Your instructions: Print nothing but the lines below starting at the line that holds "(simp add: q_def)" and ending at the line that holds "add: q_def divide_le_eq)", including both, each exactly as written.

Stored items from a collection
lemma triple_roman_domination_number_le_exp:
  fixes q :: real
  assumes "simple_graph V E" "0 \<le> q" "q \<le> 1"
  shows "triple_roman_domination_number V E
    \<le> card V * (4 * q + 3 * exp (- q * (real (min_degree V E) + 1)))"
proof -
  have fin: "finite V" using assms(1) by (simp add: simple_graph_def)
  let ?w = "bernoulli_weight V q"
  have "\<exists>S\<in>Pow V. weight V (set_3RDF V E S) \<le> (\<Sum>T\<in>Pow V. ?w T * weight V (set_3RDF V E T))"
    by (rule ex_le_weighted_average)
      (use fin assms(2,3) in \<open>auto intro: bernoulli_weight_nonneg sum_bernoulli_weight\<close>)
  then obtain S where "S \<in> Pow V"
    and S: "weight V (set_3RDF V E S) \<le> (\<Sum>T\<in>Pow V. ?w T * weight V (set_3RDF V E T))"
    by blast
  have exp_bound: "(1 - q) ^ (degree V E v + 1) \<le> exp (- q * (real (min_degree V E) + 1))"
    if "v \<in> V" for v
  proof -
    have "(1 - q) ^ (degree V E v + 1) \<le> (1 - q) ^ (min_degree V E + 1)"
      using assms(2,3) min_degree_le_degree[OF fin that] by (intro power_decreasing) auto
    also have "\<dots> \<le> exp (- q) ^ (min_degree V E + 1)"
      using assms(3) exp_ge_add_one_self[of "- q"] by (intro power_mono) auto
    also have "\<dots> = exp (real (min_degree V E + 1) * (- q))"
      by (rule exp_of_nat_mult[symmetric])
    also have "\<dots> = exp (- q * (real (min_degree V E) + 1))"
      by (simp add: algebra_simps)
    finally show ?thesis .
  qed
  have "triple_roman_domination_number V E \<le> weight V (set_3RDF V E S)"
    using \<open>S \<in> Pow V\<close> fin by (intro triple_roman_domination_number_le is_3RDF_set_3RDF) auto
  also note S
  also have "(\<Sum>T\<in>Pow V. ?w T * weight V (set_3RDF V E T))
      \<le> 4 * card V * q + 3 * (\<Sum>v\<in>V. exp (- q * (real (min_degree V E) + 1)))"
    unfolding sum_bernoulli_weight_weight_set_3RDF[OF assms(1)]
    using exp_bound by (intro add_left_mono mult_left_mono sum_mono) auto
  finally show ?thesis by (simp add: algebra_simps)
qed

theorem proposition11:
  fixes V :: "'a set" and E :: "'a \<Rightarrow> 'a \<Rightarrow> bool"
  assumes "simple_graph V E" and "connected_graph V E" and "card V \<ge> 2"
  shows "real (triple_roman_domination_number V E)
     \<le> of_int \<lfloor>4 * real (card V) / (real (min_degree V E) + 1)
                  * (ln (3 * (real (min_degree V E) + 1) / 4) + 1)\<rfloor>"
proof -
  define d where "d = real (min_degree V E) + 1"
  have "d \<ge> 2" using min_degree_pos[OF assms] by (simp add: d_def)
  \<comment> \<open>The minimiser of \<open>4 q + 3 exp (- q d)\<close>.\<close>
  define q where "q = ln (3 * d / 4) / d"
  have "0 \<le> q" using \<open>d \<ge> 2\<close> by (simp add: q_def)
  have "ln (3 * d / 4) \<le> 3 * d / 4 - 1" using \<open>d \<ge> 2\<close> by (intro ln_le_minus_one) auto
  then have "q \<le> 1" using \<open>d \<ge> 2\<close> by (simp add: q_def divide_le_eq)
  have "exp (- q * d) = 4 / (3 * d)" using \<open>d \<ge> 2\<close> by (simp add: q_def exp_minus)
  have "real (triple_roman_domination_number V E) \<le> card V * (4 * q + 3 * exp (- q * d))"
    using triple_roman_domination_number_le_exp[OF assms(1) \<open>0 \<le> q\<close> \<open>q \<le> 1\<close>]
    unfolding d_def .
  also have "\<dots> = 4 * real (card V) / d * (ln (3 * d / 4) + 1)"
    using \<open>exp (- q * d) = 4 / (3 * d)\<close> \<open>d \<ge> 2\<close> by (simp add: q_def field_simps)
  finally have "int (triple_roman_domination_number V E) \<le> \<lfloor>4 * real (card V) / d * (ln (3 * d / 4) + 1)\<rfloor>"
    by (simp add: le_floor_iff)
  then show ?thesis by (simp add: d_def)
qed

end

Solution to this exercise:
  have "0 \<le> q" using \<open>d \<ge> 2\<close> by (simp add: q_def)
  have "ln (3 * d / 4) \<le> 3 * d / 4 - 1" using \<open>d \<ge> 2\<close> by (intro ln_le_minus_one) auto
  then have "q \<le> 1" using \<open>d \<ge> 2\<close> by (simp add: q_def divide_le_eq)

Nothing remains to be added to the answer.